→ The task: In the entries that follow, the first line to write out is the one containing "id (fsmult R", and the last is the one containing "tensor_image_lift_defect[OF bC bg y])". Reproduce that stretch exactly, with nothing before or after it.

[[ Supplied material, beginning ]]

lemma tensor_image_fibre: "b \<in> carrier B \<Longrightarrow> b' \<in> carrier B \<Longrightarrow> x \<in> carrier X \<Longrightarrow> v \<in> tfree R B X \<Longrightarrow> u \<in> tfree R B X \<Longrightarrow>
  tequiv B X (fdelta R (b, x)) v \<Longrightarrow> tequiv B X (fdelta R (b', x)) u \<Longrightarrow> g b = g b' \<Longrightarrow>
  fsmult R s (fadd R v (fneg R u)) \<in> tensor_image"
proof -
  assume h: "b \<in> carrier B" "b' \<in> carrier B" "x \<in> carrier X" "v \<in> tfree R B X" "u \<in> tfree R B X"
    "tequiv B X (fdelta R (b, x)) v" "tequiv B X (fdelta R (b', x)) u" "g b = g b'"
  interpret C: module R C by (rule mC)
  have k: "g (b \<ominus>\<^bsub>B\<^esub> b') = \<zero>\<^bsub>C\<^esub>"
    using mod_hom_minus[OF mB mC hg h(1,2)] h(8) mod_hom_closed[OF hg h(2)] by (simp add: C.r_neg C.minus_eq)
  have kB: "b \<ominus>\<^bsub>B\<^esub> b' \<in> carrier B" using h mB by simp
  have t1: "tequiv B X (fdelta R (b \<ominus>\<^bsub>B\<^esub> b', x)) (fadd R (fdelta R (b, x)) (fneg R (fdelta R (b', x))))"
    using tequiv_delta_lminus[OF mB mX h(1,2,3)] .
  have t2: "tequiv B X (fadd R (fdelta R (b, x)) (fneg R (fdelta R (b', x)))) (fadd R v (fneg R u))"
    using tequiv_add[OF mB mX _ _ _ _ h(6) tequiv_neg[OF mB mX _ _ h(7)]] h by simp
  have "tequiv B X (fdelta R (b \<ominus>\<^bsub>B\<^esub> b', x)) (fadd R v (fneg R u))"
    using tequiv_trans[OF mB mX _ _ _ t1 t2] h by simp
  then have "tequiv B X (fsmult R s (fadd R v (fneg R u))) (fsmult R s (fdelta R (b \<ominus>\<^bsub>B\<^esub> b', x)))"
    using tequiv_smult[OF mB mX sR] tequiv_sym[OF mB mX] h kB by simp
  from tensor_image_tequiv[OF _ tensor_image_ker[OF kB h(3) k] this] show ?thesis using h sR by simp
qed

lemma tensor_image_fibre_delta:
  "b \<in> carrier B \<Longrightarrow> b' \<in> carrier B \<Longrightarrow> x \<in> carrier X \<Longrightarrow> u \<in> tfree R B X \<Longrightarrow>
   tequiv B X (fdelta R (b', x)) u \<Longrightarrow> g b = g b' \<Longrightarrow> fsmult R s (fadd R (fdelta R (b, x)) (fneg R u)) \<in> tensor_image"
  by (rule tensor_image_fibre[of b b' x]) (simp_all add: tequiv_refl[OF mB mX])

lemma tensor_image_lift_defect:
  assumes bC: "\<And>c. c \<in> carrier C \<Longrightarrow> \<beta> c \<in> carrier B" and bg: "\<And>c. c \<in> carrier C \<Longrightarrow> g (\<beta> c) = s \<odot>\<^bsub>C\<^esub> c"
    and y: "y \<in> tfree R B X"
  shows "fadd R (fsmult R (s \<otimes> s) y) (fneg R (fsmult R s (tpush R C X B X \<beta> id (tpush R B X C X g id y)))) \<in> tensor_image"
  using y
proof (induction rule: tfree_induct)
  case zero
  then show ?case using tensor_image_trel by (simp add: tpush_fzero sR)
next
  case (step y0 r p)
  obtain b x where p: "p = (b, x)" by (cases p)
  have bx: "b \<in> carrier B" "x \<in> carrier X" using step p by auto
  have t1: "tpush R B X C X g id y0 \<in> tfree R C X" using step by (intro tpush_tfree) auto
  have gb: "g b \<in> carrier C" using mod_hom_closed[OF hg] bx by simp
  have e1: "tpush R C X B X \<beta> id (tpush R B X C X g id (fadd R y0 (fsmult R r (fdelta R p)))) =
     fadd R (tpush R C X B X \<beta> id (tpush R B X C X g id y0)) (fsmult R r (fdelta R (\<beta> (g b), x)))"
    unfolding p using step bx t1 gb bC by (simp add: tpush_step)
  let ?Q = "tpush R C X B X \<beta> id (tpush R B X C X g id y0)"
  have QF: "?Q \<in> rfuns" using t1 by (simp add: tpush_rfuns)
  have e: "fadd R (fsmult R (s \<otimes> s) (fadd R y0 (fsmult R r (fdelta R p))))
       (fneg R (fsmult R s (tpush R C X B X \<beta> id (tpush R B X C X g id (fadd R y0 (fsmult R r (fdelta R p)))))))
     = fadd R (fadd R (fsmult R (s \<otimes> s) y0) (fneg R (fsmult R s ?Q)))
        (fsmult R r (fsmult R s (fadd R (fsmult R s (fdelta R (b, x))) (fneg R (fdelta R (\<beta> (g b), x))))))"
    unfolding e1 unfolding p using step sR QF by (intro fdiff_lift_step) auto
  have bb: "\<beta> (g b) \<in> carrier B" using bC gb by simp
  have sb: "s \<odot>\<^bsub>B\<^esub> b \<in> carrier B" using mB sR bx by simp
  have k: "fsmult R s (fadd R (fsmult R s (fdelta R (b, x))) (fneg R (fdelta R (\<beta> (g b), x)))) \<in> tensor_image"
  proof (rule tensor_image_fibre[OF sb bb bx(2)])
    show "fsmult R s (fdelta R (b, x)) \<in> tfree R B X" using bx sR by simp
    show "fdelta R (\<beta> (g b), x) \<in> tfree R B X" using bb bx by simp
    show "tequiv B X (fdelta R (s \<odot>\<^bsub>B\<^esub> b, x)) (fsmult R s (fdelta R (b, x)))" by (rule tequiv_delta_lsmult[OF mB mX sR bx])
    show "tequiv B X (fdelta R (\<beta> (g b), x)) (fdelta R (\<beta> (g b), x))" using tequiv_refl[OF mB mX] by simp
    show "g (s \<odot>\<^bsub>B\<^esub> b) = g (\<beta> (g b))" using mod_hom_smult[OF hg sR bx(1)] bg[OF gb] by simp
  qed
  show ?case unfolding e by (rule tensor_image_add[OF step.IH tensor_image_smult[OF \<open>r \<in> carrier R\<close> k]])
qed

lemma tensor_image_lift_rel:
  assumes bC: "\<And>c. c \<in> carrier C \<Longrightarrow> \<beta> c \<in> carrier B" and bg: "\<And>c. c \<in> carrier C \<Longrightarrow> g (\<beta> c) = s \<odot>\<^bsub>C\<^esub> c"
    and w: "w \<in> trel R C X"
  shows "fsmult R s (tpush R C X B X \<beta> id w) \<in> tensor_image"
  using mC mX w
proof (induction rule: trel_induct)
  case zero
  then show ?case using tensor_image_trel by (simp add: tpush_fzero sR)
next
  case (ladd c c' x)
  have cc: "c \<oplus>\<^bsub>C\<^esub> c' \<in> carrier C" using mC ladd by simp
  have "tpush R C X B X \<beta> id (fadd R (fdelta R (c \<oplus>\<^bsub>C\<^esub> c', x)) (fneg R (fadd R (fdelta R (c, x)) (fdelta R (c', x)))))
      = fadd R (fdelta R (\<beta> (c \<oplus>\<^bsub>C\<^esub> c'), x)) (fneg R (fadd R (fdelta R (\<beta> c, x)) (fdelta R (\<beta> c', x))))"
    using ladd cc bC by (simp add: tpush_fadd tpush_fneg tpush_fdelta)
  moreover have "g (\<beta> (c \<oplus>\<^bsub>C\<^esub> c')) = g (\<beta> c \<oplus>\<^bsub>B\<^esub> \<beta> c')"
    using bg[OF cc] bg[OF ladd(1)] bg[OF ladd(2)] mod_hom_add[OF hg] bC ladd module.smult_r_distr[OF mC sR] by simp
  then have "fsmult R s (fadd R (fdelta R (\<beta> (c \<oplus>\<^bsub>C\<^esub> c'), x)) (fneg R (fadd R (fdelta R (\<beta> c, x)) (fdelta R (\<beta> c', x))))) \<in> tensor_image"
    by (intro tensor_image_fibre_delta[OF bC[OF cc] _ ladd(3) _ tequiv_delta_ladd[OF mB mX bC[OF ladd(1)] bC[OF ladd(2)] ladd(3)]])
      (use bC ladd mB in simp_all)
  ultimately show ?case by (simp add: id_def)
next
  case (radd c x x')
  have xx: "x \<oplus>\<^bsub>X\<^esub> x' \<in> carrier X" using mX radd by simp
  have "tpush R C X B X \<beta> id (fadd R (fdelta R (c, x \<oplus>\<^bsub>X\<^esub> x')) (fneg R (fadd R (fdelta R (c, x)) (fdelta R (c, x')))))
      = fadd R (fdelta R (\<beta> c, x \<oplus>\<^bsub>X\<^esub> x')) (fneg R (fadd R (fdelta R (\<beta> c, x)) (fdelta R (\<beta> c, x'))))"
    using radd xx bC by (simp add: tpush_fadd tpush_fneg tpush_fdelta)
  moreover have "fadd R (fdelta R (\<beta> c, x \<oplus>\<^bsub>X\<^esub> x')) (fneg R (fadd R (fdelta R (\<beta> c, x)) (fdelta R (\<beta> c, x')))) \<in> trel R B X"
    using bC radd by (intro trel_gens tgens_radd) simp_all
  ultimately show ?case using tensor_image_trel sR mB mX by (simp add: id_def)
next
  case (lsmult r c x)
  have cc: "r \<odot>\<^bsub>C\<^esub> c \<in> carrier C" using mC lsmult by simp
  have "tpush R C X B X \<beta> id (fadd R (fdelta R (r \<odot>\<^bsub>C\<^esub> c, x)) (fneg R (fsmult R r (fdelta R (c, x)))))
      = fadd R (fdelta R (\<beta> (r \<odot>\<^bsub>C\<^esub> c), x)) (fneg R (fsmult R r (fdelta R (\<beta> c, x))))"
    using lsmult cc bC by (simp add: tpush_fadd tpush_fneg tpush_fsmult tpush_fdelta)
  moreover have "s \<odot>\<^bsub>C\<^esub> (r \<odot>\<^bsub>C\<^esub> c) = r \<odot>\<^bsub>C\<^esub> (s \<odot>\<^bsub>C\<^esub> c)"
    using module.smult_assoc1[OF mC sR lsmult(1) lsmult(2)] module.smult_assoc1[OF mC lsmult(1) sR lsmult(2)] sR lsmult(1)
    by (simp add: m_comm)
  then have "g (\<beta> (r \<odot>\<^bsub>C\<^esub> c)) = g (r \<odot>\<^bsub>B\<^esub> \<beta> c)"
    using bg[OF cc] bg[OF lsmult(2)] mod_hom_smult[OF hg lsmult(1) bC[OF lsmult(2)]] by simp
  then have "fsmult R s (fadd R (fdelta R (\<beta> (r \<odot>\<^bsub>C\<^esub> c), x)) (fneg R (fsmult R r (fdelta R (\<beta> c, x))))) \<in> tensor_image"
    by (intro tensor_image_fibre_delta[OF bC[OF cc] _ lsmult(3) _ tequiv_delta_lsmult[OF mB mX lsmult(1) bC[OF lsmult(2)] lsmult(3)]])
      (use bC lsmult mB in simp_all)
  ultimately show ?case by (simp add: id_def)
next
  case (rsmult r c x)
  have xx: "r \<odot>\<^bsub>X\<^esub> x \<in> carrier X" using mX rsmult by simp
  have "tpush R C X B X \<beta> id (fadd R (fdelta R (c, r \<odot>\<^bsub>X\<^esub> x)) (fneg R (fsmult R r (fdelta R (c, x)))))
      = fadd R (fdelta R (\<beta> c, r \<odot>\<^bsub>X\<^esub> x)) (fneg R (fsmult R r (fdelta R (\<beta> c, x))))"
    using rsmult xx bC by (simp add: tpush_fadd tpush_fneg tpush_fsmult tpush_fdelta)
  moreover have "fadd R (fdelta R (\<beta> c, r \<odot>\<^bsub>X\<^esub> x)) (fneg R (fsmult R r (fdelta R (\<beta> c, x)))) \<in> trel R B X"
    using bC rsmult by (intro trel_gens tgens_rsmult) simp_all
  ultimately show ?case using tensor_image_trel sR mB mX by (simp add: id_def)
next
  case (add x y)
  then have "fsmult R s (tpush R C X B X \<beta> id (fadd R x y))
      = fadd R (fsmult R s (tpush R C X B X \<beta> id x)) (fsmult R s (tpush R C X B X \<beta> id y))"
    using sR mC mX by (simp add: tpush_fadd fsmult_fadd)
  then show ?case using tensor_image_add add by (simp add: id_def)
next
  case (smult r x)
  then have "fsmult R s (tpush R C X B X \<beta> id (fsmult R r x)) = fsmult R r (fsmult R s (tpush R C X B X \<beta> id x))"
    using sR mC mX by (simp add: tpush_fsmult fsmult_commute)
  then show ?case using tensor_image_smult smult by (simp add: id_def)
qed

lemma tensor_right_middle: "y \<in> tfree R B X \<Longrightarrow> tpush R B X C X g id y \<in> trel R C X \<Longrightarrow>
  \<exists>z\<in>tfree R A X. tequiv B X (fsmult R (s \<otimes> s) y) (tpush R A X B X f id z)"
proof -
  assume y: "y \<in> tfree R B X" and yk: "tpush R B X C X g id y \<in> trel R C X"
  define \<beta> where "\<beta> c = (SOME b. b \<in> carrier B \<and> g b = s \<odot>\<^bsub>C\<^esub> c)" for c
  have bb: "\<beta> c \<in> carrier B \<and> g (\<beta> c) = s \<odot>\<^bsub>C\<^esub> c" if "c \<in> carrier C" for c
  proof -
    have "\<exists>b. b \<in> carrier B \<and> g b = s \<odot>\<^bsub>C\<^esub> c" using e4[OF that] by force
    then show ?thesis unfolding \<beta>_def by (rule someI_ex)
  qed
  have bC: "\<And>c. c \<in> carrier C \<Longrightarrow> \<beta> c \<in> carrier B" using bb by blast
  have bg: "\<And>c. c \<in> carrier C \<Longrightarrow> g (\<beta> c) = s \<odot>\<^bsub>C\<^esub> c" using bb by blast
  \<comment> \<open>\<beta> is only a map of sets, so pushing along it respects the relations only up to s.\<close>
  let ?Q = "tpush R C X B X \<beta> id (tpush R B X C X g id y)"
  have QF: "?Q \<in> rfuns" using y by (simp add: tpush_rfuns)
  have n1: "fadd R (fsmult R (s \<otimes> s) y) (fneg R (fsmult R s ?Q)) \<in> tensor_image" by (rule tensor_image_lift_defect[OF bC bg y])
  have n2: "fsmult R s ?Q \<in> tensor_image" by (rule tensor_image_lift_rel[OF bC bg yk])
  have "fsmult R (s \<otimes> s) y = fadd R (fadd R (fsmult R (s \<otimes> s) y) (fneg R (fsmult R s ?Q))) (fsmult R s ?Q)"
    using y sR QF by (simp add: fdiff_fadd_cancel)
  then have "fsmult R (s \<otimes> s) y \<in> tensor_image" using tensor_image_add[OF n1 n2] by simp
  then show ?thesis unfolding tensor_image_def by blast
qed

[[ Supplied material, end ]]
[[ Supplied material, beginning ]]

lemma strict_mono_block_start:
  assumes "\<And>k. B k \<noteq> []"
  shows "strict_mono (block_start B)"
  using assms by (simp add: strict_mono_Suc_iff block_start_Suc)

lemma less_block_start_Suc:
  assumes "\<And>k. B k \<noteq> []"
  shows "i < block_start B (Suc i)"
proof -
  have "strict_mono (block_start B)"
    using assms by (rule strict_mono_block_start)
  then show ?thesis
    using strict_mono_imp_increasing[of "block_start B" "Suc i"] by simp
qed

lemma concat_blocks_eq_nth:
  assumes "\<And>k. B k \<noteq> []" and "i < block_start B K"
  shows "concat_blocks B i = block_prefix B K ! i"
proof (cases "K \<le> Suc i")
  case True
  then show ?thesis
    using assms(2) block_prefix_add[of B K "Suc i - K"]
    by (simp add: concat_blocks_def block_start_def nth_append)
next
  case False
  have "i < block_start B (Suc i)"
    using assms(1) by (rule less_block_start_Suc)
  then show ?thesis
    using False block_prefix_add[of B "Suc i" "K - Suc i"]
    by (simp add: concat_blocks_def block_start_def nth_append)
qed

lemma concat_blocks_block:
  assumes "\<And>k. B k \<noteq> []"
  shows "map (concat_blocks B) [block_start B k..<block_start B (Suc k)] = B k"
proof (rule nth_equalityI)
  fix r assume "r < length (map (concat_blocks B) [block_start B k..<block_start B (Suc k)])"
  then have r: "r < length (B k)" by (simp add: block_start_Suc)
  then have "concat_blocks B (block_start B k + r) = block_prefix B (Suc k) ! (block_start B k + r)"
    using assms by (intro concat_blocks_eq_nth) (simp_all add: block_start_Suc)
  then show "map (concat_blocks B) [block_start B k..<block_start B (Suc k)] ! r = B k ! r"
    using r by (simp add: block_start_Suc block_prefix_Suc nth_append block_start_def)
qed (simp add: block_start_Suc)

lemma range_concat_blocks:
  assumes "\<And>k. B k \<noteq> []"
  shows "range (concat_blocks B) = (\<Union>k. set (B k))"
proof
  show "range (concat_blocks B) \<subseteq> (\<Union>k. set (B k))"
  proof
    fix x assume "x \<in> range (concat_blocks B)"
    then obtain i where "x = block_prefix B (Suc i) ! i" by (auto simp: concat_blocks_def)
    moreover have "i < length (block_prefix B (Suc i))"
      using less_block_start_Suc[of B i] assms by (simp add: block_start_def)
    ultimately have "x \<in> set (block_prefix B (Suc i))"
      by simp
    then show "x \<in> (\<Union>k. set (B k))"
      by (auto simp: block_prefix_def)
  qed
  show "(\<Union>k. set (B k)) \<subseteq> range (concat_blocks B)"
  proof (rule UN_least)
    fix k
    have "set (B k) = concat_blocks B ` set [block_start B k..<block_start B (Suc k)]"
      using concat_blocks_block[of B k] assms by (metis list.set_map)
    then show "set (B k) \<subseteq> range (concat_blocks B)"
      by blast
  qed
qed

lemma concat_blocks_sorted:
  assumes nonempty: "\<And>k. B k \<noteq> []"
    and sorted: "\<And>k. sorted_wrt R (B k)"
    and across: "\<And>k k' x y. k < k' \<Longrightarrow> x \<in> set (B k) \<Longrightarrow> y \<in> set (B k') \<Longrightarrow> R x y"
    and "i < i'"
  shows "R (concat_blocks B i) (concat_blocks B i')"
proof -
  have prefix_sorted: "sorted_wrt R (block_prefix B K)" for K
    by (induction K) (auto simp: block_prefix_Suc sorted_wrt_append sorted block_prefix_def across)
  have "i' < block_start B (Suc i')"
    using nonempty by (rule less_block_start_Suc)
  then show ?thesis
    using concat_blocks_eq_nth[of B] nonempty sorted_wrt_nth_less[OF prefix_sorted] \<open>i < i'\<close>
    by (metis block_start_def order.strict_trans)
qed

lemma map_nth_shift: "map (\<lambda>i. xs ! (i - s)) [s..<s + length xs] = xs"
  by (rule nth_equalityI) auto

[[ Supplied material, end ]]
[[ Supplied material, beginning ]]

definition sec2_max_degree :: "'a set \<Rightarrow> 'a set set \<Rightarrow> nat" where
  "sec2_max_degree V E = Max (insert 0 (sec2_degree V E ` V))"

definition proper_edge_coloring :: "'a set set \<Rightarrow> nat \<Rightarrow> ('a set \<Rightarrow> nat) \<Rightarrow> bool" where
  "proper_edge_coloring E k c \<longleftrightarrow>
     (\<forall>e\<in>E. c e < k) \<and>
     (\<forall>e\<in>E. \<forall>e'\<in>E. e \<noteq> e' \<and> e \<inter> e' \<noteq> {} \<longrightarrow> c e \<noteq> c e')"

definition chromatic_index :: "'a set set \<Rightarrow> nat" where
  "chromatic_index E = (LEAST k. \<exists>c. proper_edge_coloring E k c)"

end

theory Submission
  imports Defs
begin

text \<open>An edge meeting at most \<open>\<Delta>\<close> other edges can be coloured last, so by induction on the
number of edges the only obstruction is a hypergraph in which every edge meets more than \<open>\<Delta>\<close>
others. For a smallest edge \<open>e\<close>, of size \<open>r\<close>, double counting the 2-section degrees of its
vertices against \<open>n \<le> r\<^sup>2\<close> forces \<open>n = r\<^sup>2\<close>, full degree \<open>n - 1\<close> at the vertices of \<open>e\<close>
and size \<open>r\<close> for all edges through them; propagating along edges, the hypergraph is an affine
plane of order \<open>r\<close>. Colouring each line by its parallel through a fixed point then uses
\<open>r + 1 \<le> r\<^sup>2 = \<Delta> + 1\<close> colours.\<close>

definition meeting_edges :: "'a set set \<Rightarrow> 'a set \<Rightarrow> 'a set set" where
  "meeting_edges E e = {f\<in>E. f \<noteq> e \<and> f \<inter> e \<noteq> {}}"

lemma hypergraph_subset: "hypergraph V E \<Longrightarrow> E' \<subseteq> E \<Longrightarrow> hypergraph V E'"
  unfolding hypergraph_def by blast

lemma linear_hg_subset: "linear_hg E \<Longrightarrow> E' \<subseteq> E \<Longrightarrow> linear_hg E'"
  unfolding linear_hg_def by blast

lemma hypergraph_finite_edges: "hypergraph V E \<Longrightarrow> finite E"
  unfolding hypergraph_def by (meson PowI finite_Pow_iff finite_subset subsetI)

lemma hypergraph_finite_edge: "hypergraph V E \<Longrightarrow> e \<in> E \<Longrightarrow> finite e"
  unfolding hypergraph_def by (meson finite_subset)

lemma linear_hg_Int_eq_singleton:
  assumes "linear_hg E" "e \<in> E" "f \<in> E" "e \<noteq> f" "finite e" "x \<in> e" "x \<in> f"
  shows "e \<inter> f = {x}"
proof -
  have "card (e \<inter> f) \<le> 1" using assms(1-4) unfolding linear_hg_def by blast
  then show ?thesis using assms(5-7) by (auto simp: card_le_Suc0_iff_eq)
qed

[[ Supplied material, end ]]

→ Task response:
  then have "fsmult R s (tpush R C X B X \<beta> id (fsmult R r x)) = fsmult R r (fsmult R s (tpush R C X B X \<beta> id x))"
    using sR mC mX by (simp add: tpush_fsmult fsmult_commute)
  then show ?case using tensor_image_smult smult by (simp add: id_def)
qed

lemma tensor_right_middle: "y \<in> tfree R B X \<Longrightarrow> tpush R B X C X g id y \<in> trel R C X \<Longrightarrow>
  \<exists>z\<in>tfree R A X. tequiv B X (fsmult R (s \<otimes> s) y) (tpush R A X B X f id z)"
proof -
  assume y: "y \<in> tfree R B X" and yk: "tpush R B X C X g id y \<in> trel R C X"
  define \<beta> where "\<beta> c = (SOME b. b \<in> carrier B \<and> g b = s \<odot>\<^bsub>C\<^esub> c)" for c
  have bb: "\<beta> c \<in> carrier B \<and> g (\<beta> c) = s \<odot>\<^bsub>C\<^esub> c" if "c \<in> carrier C" for c
  proof -
    have "\<exists>b. b \<in> carrier B \<and> g b = s \<odot>\<^bsub>C\<^esub> c" using e4[OF that] by force
    then show ?thesis unfolding \<beta>_def by (rule someI_ex)
  qed
  have bC: "\<And>c. c \<in> carrier C \<Longrightarrow> \<beta> c \<in> carrier B" using bb by blast
  have bg: "\<And>c. c \<in> carrier C \<Longrightarrow> g (\<beta> c) = s \<odot>\<^bsub>C\<^esub> c" using bb by blast
  \<comment> \<open>\<beta> is only a map of sets, so pushing along it respects the relations only up to s.\<close>
  let ?Q = "tpush R C X B X \<beta> id (tpush R B X C X g id y)"
  have QF: "?Q \<in> rfuns" using y by (simp add: tpush_rfuns)
  have n1: "fadd R (fsmult R (s \<otimes> s) y) (fneg R (fsmult R s ?Q)) \<in> tensor_image" by (rule tensor_image_lift_defect[OF bC bg y])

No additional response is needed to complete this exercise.